Restate word for word every line from the top of the data below down through the line that holds "using z ge1".

[Extracted records]
- Opening Delimiter -
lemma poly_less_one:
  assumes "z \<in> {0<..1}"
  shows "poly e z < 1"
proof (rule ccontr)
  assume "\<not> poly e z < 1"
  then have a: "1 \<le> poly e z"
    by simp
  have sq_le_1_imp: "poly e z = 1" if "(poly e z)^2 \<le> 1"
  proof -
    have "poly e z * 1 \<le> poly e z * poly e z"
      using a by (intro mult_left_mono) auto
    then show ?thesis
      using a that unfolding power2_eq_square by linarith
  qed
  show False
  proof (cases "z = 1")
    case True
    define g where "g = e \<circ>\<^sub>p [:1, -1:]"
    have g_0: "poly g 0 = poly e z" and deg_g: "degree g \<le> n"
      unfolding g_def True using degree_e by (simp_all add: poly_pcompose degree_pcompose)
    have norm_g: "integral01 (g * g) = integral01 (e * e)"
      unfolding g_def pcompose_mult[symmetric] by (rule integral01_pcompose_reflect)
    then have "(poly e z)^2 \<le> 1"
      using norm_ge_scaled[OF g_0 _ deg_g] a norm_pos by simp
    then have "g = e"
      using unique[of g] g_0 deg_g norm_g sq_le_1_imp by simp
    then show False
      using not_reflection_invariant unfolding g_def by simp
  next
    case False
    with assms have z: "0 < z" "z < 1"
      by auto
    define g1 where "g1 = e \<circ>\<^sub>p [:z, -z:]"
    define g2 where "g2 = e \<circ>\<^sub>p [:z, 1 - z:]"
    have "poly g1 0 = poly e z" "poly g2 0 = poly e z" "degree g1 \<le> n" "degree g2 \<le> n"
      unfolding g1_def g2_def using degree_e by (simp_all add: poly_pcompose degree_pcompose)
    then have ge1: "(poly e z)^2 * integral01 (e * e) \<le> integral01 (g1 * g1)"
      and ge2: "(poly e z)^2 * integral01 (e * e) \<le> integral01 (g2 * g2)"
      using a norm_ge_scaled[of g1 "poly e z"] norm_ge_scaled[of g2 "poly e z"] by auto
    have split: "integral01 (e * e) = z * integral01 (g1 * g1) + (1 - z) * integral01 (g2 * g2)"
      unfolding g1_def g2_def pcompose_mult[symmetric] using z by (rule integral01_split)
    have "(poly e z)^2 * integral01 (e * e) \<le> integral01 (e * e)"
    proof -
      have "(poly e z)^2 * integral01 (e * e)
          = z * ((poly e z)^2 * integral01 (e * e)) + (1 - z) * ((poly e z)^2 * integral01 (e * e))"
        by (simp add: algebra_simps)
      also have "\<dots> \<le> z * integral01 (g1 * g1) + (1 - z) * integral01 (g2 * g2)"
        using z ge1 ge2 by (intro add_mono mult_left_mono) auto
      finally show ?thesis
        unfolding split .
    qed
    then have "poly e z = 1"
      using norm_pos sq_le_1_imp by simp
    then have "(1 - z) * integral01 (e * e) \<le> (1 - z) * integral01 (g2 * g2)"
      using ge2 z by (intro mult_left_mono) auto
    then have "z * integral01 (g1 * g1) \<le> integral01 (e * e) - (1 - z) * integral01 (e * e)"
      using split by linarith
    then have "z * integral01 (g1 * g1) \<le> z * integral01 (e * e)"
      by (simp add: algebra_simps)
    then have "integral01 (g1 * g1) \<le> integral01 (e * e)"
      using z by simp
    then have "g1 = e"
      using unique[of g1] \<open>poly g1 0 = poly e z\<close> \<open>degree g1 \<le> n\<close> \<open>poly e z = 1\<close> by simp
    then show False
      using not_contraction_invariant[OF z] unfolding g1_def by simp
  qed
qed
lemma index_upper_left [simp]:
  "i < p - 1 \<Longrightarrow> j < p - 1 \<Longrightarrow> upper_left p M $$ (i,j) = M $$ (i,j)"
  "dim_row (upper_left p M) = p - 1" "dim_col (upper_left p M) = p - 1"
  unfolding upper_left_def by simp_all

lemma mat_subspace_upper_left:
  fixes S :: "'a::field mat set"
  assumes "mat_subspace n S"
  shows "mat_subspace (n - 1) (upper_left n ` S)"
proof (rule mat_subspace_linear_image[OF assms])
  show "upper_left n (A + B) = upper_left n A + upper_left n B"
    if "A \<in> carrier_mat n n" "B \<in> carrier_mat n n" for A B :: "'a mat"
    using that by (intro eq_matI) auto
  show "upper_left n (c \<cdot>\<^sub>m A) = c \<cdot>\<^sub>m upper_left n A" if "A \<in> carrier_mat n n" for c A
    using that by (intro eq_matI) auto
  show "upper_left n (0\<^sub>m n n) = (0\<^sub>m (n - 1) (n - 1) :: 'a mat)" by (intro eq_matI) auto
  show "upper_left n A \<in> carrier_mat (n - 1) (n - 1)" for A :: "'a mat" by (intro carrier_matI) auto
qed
- Closing Delimiter -
_Task result_:
lemma poly_less_one:
  assumes "z \<in> {0<..1}"
  shows "poly e z < 1"
proof (rule ccontr)
  assume "\<not> poly e z < 1"
  then have a: "1 \<le> poly e z"
    by simp
  have sq_le_1_imp: "poly e z = 1" if "(poly e z)^2 \<le> 1"
  proof -
    have "poly e z * 1 \<le> poly e z * poly e z"
      using a by (intro mult_left_mono) auto
    then show ?thesis
      using a that unfolding power2_eq_square by linarith
  qed
  show False
  proof (cases "z = 1")
    case True
    define g where "g = e \<circ>\<^sub>p [:1, -1:]"
    have g_0: "poly g 0 = poly e z" and deg_g: "degree g \<le> n"
      unfolding g_def True using degree_e by (simp_all add: poly_pcompose degree_pcompose)
    have norm_g: "integral01 (g * g) = integral01 (e * e)"
      unfolding g_def pcompose_mult[symmetric] by (rule integral01_pcompose_reflect)
    then have "(poly e z)^2 \<le> 1"
      using norm_ge_scaled[OF g_0 _ deg_g] a norm_pos by simp
    then have "g = e"
      using unique[of g] g_0 deg_g norm_g sq_le_1_imp by simp
    then show False
      using not_reflection_invariant unfolding g_def by simp
  next
    case False
    with assms have z: "0 < z" "z < 1"
      by auto
    define g1 where "g1 = e \<circ>\<^sub>p [:z, -z:]"
    define g2 where "g2 = e \<circ>\<^sub>p [:z, 1 - z:]"
    have "poly g1 0 = poly e z" "poly g2 0 = poly e z" "degree g1 \<le> n" "degree g2 \<le> n"
      unfolding g1_def g2_def using degree_e by (simp_all add: poly_pcompose degree_pcompose)
    then have ge1: "(poly e z)^2 * integral01 (e * e) \<le> integral01 (g1 * g1)"
      and ge2: "(poly e z)^2 * integral01 (e * e) \<le> integral01 (g2 * g2)"
      using a norm_ge_scaled[of g1 "poly e z"] norm_ge_scaled[of g2 "poly e z"] by auto
    have split: "integral01 (e * e) = z * integral01 (g1 * g1) + (1 - z) * integral01 (g2 * g2)"
      unfolding g1_def g2_def pcompose_mult[symmetric] using z by (rule integral01_split)
    have "(poly e z)^2 * integral01 (e * e) \<le> integral01 (e * e)"
    proof -
      have "(poly e z)^2 * integral01 (e * e)
          = z * ((poly e z)^2 * integral01 (e * e)) + (1 - z) * ((poly e z)^2 * integral01 (e * e))"
        by (simp add: algebra_simps)
      also have "\<dots> \<le> z * integral01 (g1 * g1) + (1 - z) * integral01 (g2 * g2)"
        using z ge1 ge2 by (intro add_mono mult_left_mono) auto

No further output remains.